EXERCISE: In this exercise, return each entry exactly as given.

LISTED ENTRIES:
(* Let $\Omega\subset\mathbb{R}^N$ be a bounded open set and let $\mathcal{A}:[0,|\Omega|]\to[0,\infty)$ be increasing with $\mathcal{A}(0)=0$, of class $C^3$ on $(0,|\Omega|]$, with $\mathcal{A}'(0^+)=\infty$ and $\lim_{s\to0^+}\frac{\mathcal{A}'(s)\mathcal{A}'''(s)}{(\mathcal{A}''(s))^2}\ge\nu$ for some $\nu>1$. Then for every $p\ge1$, $\mathcal{L}_{\mathcal{A},p}(\Omega)\subsetneq L^p(\Omega)$.
   Context: For an increasing $\mathcal{A}$ with $\mathcal{A}(0)=0$ and $p\ge1$: for measurable $u$ vanishing outside $\Omega$, with distribution function $\mu(t)=|\{x:|u(x)|>t\}|$, set $\|u\|_{\mathcal{A},p}=\big(p\int_0^\infty\mathcal{A}(\mu(t))t^{p-1}\,dt\big)^{1/p}$, and $\mathcal{L}_{\mathcal{A},p}(\Omega)=\{u$ measurable, $u=0$ outside $\Omega$, $\|u\|_{\mathcal{A},p}<\infty\}$. *)

theory Defs
  imports "HOL-Analysis.Analysis"
begin

definition distrib_fun :: "('a::euclidean_space \<Rightarrow> real) \<Rightarrow> real \<Rightarrow> real" where
  "distrib_fun u t = measure lebesgue {x. \<bar>u x\<bar> > t}"

definition LAp_norm_pow :: "(real \<Rightarrow> real) \<Rightarrow> real \<Rightarrow> ('a::euclidean_space \<Rightarrow> real) \<Rightarrow> ennreal" where
  "LAp_norm_pow A p u =
     ennreal p * (\<integral>\<^sup>+ t. indicator {0<..} t * ennreal (A (distrib_fun u t) * t powr (p - 1)) \<partial>lborel)"

(* L_{A,p}(Omega): measurable, vanishing outside Omega, finite ||u||_{A,p}
   (finiteness of ||u||_{A,p} is equivalent to finiteness of its p-th power) *)
definition LAp :: "(real \<Rightarrow> real) \<Rightarrow> real \<Rightarrow> 'a::euclidean_space set \<Rightarrow> ('a \<Rightarrow> real) set" where
  "LAp A p \<Omega> = {u. u \<in> borel_measurable lebesgue \<and> (\<forall>x. x \<notin> \<Omega> \<longrightarrow> u x = 0)
                     \<and> LAp_norm_pow A p u < \<infinity>}"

RESPONSE FOR THIS EXERCISE:
(* Let $\Omega\subset\mathbb{R}^N$ be a bounded open set and let $\mathcal{A}:[0,|\Omega|]\to[0,\infty)$ be increasing with $\mathcal{A}(0)=0$, of class $C^3$ on $(0,|\Omega|]$, with $\mathcal{A}'(0^+)=\infty$ and $\lim_{s\to0^+}\frac{\mathcal{A}'(s)\mathcal{A}'''(s)}{(\mathcal{A}''(s))^2}\ge\nu$ for some $\nu>1$. Then for every $p\ge1$, $\mathcal{L}_{\mathcal{A},p}(\Omega)\subsetneq L^p(\Omega)$.
   Context: For an increasing $\mathcal{A}$ with $\mathcal{A}(0)=0$ and $p\ge1$: for measurable $u$ vanishing outside $\Omega$, with distribution function $\mu(t)=|\{x:|u(x)|>t\}|$, set $\|u\|_{\mathcal{A},p}=\big(p\int_0^\infty\mathcal{A}(\mu(t))t^{p-1}\,dt\big)^{1/p}$, and $\mathcal{L}_{\mathcal{A},p}(\Omega)=\{u$ measurable, $u=0$ outside $\Omega$, $\|u\|_{\mathcal{A},p}<\infty\}$. *)

theory Defs
  imports "HOL-Analysis.Analysis"
begin

definition distrib_fun :: "('a::euclidean_space \<Rightarrow> real) \<Rightarrow> real \<Rightarrow> real" where
  "distrib_fun u t = measure lebesgue {x. \<bar>u x\<bar> > t}"

definition LAp_norm_pow :: "(real \<Rightarrow> real) \<Rightarrow> real \<Rightarrow> ('a::euclidean_space \<Rightarrow> real) \<Rightarrow> ennreal" where
  "LAp_norm_pow A p u =
     ennreal p * (\<integral>\<^sup>+ t. indicator {0<..} t * ennreal (A (distrib_fun u t) * t powr (p - 1)) \<partial>lborel)"

(* L_{A,p}(Omega): measurable, vanishing outside Omega, finite ||u||_{A,p}
   (finiteness of ||u||_{A,p} is equivalent to finiteness of its p-th power) *)
definition LAp :: "(real \<Rightarrow> real) \<Rightarrow> real \<Rightarrow> 'a::euclidean_space set \<Rightarrow> ('a \<Rightarrow> real) set" where
  "LAp A p \<Omega> = {u. u \<in> borel_measurable lebesgue \<and> (\<forall>x. x \<notin> \<Omega> \<longrightarrow> u x = 0)
                     \<and> LAp_norm_pow A p u < \<infinity>}"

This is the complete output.